The Kreidersville Covered Bridge, which was built in 1839, is the last remaining covered bridge in Northampton County, Pennsylvania.

It was added to the National Register of Historic Places in 1980.

==History==
In 1959, inspired citizens of Northampton County rallied for the preservation of this historic structure after it became known that the State Highway Department had developed plans to replace it with a new concrete bridge. This structure then became one of the first covered bridges to be recognized for preservation by a committee of enthusiasts when those residents formed The Theodore Burr Covered Bridge Society of Pennsylvania, which they named after the arched truss that was patented by Theodore Burr and used in this bridge's construction.

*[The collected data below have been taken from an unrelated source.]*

(* For any $u, v \in \mathfrak{H}$, in $\mathfrak H[[X,Y]]$ one has \begin{align*} &ug_{1}\frac{1}{1-aX} \,\mathrm{sh}_{\hbar}\, vg_{1}\frac{1}{1-aY}\\ &=\Bigl\{(1+\hbar X)\Bigl(ug_{1}\frac{1}{1-aX}\,\mathrm{sh}_{\hbar}\,v\Bigr)+(1+\hbar Y)\Bigl(u\,\mathrm{sh}_{\hbar}\,vg_{1}\frac{1}{1-aY}\Bigr)+(u\,\mathrm{sh}_{\hbar}\,v)(e_{1}-g_{1}) \Bigr\}\,g_{1}\frac{1}{1-a(X+Y+\hbar XY)}. \end{align*}
   Context: Let $\mathcal{C}=\mathbb{Q}[\hbar]$ ($\hbar$ formal), $\mathfrak{H}=\mathcal{C}\langle a,b\rangle$ the non-commutative polynomial ring in $a,b$. Put $g_1=ba$ and $e_1=b(a+\hbar)$, so $e_1-g_1=\hbar b$. The shuffle product $\mathrm{sh}_\hbar$ on $\mathfrak H$ (written infix) is the $\mathcal C$-bilinear product determined by $w\,\mathrm{sh}_\hbar\,1=1\,\mathrm{sh}_\hbar\,w=w$, $wa\,\mathrm{sh}_\hbar\,w'a=(wa\,\mathrm{sh}_\hbar\,w'+w\,\mathrm{sh}_\hbar\,w'a+\hbar(w\,\mathrm{sh}_\hbar\,w'))a$ and $wb\,\mathrm{sh}_\hbar\,w'=w\,\mathrm{sh}_\hbar\,w'b=(w\,\mathrm{sh}_\hbar\,w')b$ for $w,w'\in\mathfrak H$. It is extended to formal power series coefficientwise ($\mathcal C[[X,Y]]$-bilinearly), and $\frac{1}{1-aZ}=\sum_{n\ge0}a^nZ^n$ for a formal power series $Z$ without constant term (the formal variables $X,Y$ commute with everything). *)

theory Defs
  imports "HOL-Computational_Algebra.Polynomial"
begin

type_synonym coef = "rat poly"

definition hbar :: coef where "hbar = [:0, 1:]"

datatype letter = La | Lb

text \<open>Elements of H = C<a,b> are finitely supported coefficient functions on words.
  We use the ambient type of all coefficient functions and impose finite support
  (predicate nc_fin) where needed.\<close>
type_synonym nc = "letter list \<Rightarrow> coef"

definition nc_supp :: "nc \<Rightarrow> letter list set" where
  "nc_supp f = {w. f w \<noteq> 0}"

definition nc_fin :: "nc \<Rightarrow> bool" where
  "nc_fin f \<longleftrightarrow> finite (nc_supp f)"

definition nc_zero :: nc where "nc_zero = (\<lambda>w. 0)"

definition nc_add :: "nc \<Rightarrow> nc \<Rightarrow> nc" where
  "nc_add f g = (\<lambda>w. f w + g w)"

definition nc_diff :: "nc \<Rightarrow> nc \<Rightarrow> nc" where
  "nc_diff f g = (\<lambda>w. f w - g w)"

definition nc_smul :: "coef \<Rightarrow> nc \<Rightarrow> nc" where
  "nc_smul c f = (\<lambda>w. c * f w)"

definition word :: "letter list \<Rightarrow> nc" where
  "word u = (\<lambda>w. if w = u then 1 else 0)"

definition nc_mult :: "nc \<Rightarrow> nc \<Rightarrow> nc" where
  "nc_mult f g = (\<lambda>w. \<Sum>k\<le>length w. f (take k w) * g (drop k w))"

definition g1 :: nc where "g1 = word [Lb, La]"

definition e1 :: nc where "e1 = nc_add (word [Lb, La]) (nc_smul hbar (word [Lb]))"

text \<open>Shuffle product of two words. The recursion in the paper peels letters off the
  right end; shr works on the reversed words, so the head of a list is the last letter.\<close>
fun shr :: "letter list \<Rightarrow> letter list \<Rightarrow> nc" where
  "shr [] v = word (rev v)"
| "shr u [] = word (rev u)"
| "shr (Lb # u) v = nc_mult (shr u v) (word [Lb])"
| "shr u (Lb # v) = nc_mult (shr u v) (word [Lb])"
| "shr (La # u) (La # v) =
     nc_mult (nc_add (nc_add (shr (La # u) v) (shr u (La # v))) (nc_smul hbar (shr u v)))
             (word [La])"

definition shw :: "letter list \<Rightarrow> letter list \<Rightarrow> nc" where
  "shw u v = shr (rev u) (rev v)"

definition sh :: "nc \<Rightarrow> nc \<Rightarrow> nc" where
  "sh f g = (\<lambda>w. \<Sum>u\<in>nc_supp f. \<Sum>v\<in>nc_supp g. f u * g v * shw u v w)"

text \<open>H[[X,Y]]: a series F has coefficient F i j at X^i Y^j.  Scalar series C[[X,Y]].\<close>
type_synonym ser = "nat \<Rightarrow> nat \<Rightarrow> nc"
type_synonym sc = "nat \<Rightarrow> nat \<Rightarrow> coef"

definition ser_const :: "nc \<Rightarrow> ser" where
  "ser_const f = (\<lambda>i j. if i = 0 \<and> j = 0 then f else nc_zero)"

definition ser_add :: "ser \<Rightarrow> ser \<Rightarrow> ser" where
  "ser_add F G = (\<lambda>i j. nc_add (F i j) (G i j))"

definition ser_mult :: "ser \<Rightarrow> ser \<Rightarrow> ser" where
  "ser_mult F G = (\<lambda>i j. \<lambda>w. \<Sum>i1\<le>i. \<Sum>j1\<le>j. nc_mult (F i1 j1) (G (i - i1) (j - j1)) w)"

definition ser_sh :: "ser \<Rightarrow> ser \<Rightarrow> ser" where
  "ser_sh F G = (\<lambda>i j. \<lambda>w. \<Sum>i1\<le>i. \<Sum>j1\<le>j. sh (F i1 j1) (G (i - i1) (j - j1)) w)"

definition ser_smul :: "sc \<Rightarrow> ser \<Rightarrow> ser" where
  "ser_smul c F = (\<lambda>i j. \<lambda>w. \<Sum>i1\<le>i. \<Sum>j1\<le>j. c i1 j1 * F (i - i1) (j - j1) w)"

definition sc_mult :: "sc \<Rightarrow> sc \<Rightarrow> sc" where
  "sc_mult c d = (\<lambda>i j. \<Sum>i1\<le>i. \<Sum>j1\<le>j. c i1 j1 * d (i - i1) (j - j1))"

definition sc_one :: sc where "sc_one = (\<lambda>i j. if i = 0 \<and> j = 0 then 1 else 0)"

fun sc_pow :: "sc \<Rightarrow> nat \<Rightarrow> sc" where
  "sc_pow c 0 = sc_one"
| "sc_pow c (Suc n) = sc_mult c (sc_pow c n)"

definition scX :: sc where "scX = (\<lambda>i j. if i = 1 \<and> j = 0 then 1 else 0)"
definition scY :: sc where "scY = (\<lambda>i j. if i = 0 \<and> j = 1 then 1 else 0)"

definition sc_1hX :: sc where
  "sc_1hX = (\<lambda>i j. if i = 0 \<and> j = 0 then 1 else if i = 1 \<and> j = 0 then hbar else 0)"
definition sc_1hY :: sc where
  "sc_1hY = (\<lambda>i j. if i = 0 \<and> j = 0 then 1 else if i = 0 \<and> j = 1 then hbar else 0)"
definition scXYh :: sc where
  "scXYh = (\<lambda>i j. if (i = 1 \<and> j = 0) \<or> (i = 0 \<and> j = 1) then 1
                  else if i = 1 \<and> j = 1 then hbar else 0)"

text \<open>1/(1 - aZ) = sum_n a^n Z^n for Z without constant term.  The coefficient of
  X^i Y^j only receives contributions from n \<le> i + j (Z^n has order \<ge> n).\<close>
definition geom :: "sc \<Rightarrow> ser" where
  "geom Z = (\<lambda>i j. \<lambda>w. \<Sum>n\<le>i+j. sc_pow Z n i j * word (replicate n La) w)"

end

theory Submission
  imports Defs
begin

text \<open>Let \<open>L\<^sub>i\<^sub>j = u b a\<^sup>i\<^sup>+\<^sup>1 sh v b a\<^sup>j\<^sup>+\<^sup>1\<close> be the coefficient of \<open>X\<^sup>i Y\<^sup>j\<close> on the
  left-hand side, \<open>C\<close> the series in braces and \<open>Z = X + Y + \<hbar>XY\<close>. The shuffle rule for two
  trailing letters \<open>a\<close> gives \<open>L = C g\<^sub>1 + (Z L) a\<close>: the terms of \<open>Z L\<close> collect all
  contributions except those in which one exponent of \<open>a\<close> has been used up, and these
  boundary terms assemble into \<open>C b\<close>. The right-hand side \<open>C g\<^sub>1 /(1 - aZ)\<close> satisfies the
  same recursion because \<open>1/(1 - aZ) = 1 + (Z/(1 - aZ)) a\<close>, and since \<open>Z\<close> has no constant
  term the recursion determines a series by induction on the total degree.\<close>

lemma nc_zero_apply [simp]: "nc_zero w = 0"
  by (simp add: nc_zero_def)

lemma word_apply: "word u w = (if w = u then 1 else 0)"
  by (simp add: word_def)

lemma nc_mult_letter_Nil [simp]: "nc_mult F (word [x]) [] = 0"
  by (simp add: nc_mult_def word_def)

lemma nc_mult_letter_snoc [simp]:
  "nc_mult F (word [x]) (p @ [y]) = (if y = x then F p else 0)"
proof -
  have "nc_mult F (word [x]) (p @ [y])
      = (\<Sum>k\<le>length p. F (take k (p @ [y])) * word [x] (drop k (p @ [y]))) + F (p @ [y]) * word [x] []"
    by (simp add: nc_mult_def)
  also have "(\<Sum>k\<le>length p. F (take k (p @ [y])) * word [x] (drop k (p @ [y])))
      = (\<Sum>k\<le>length p. if k = length p then (if y = x then F p else 0) else 0)"
    by (rule sum.cong) (auto simp: word_def)
  finally show ?thesis
    by (simp add: word_def)
qed

lemma nc_mult_word_Nil [simp]: "nc_mult F (word []) = F"
proof
  fix w
  have "nc_mult F (word []) w = (\<Sum>k\<le>length w. if k = length w then F w else 0)"
    unfolding nc_mult_def by (rule sum.cong) (auto simp: word_def)
  then show "nc_mult F (word []) w = F w"
    by simp
qed

lemma nc_mult_word_letter: "nc_mult (word s) (word [x]) = word (s @ [x])"
proof
  fix w
  show "nc_mult (word s) (word [x]) w = word (s @ [x]) w"
    by (cases w rule: rev_cases) (auto simp: word_apply)
qed

lemma nc_mult_assoc_letter:
  "nc_mult F (nc_mult G (word [x])) = nc_mult (nc_mult F G) (word [x])"
proof
  fix w
  show "nc_mult F (nc_mult G (word [x])) w = nc_mult (nc_mult F G) (word [x]) w"
  proof (cases w rule: rev_cases)
    case Nil
    then show ?thesis
      by (simp add: nc_mult_def)
  next
    case (snoc p y)
    have "nc_mult F (nc_mult G (word [x])) w
        = (\<Sum>k\<le>length p. F (take k (p @ [y])) * nc_mult G (word [x]) (drop k (p @ [y])))"
      by (simp add: nc_mult_def[of F] snoc)
    also have "\<dots> = (\<Sum>k\<le>length p. if y = x then F (take k p) * G (drop k p) else 0)"
      by (rule sum.cong) auto
    finally show ?thesis
      by (simp add: snoc nc_mult_def[of F G] if_distrib[of "\<lambda>c. c * _"] cong: if_cong)
  qed
qed

lemma nc_mult_word_append:
  "nc_mult (nc_mult F (word s)) (word t) = nc_mult F (word (s @ t))"
proof (induction t rule: rev_induct)
  case Nil
  then show ?case
    by simp
next
  case (snoc x t)
  then show ?case
    by (metis append_assoc nc_mult_assoc_letter nc_mult_word_letter)
qed

lemma nc_mult_add_left: "nc_mult (nc_add F G) H = nc_add (nc_mult F H) (nc_mult G H)"
  by (auto simp: nc_mult_def nc_add_def algebra_simps sum.distrib)

lemma nc_mult_add_right: "nc_mult H (nc_add F G) = nc_add (nc_mult H F) (nc_mult H G)"
  by (auto simp: nc_mult_def nc_add_def algebra_simps sum.distrib)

In 1960, The Burr Covered Bridge Society, together with The Harmony Grange and local citizens, influenced Northampton County Commissioners to accept ownership after the Pennsylvania State Highway Department restored the bridge.

On September 30, 1961, state, county, and local representatives took part in rededicating the bridge, then known as Solt's Bridge. Kreidersville Covered Bridge was once known in the community as "Hummel's - Koch's - Solt's Bridge." They were names of families who lived near the bridge at the time.

==Architectural features==
The Kreidersville Covered Bridge crosses the Hokendauqua Creek. A Burr truss, wooden, covered bridge, it is 116 feet long, and is the last stop on the Lehigh Valley Covered Bridge tour through Northampton and Lehigh counties.

The bridge was added to the National Register of Historic Places in 1980.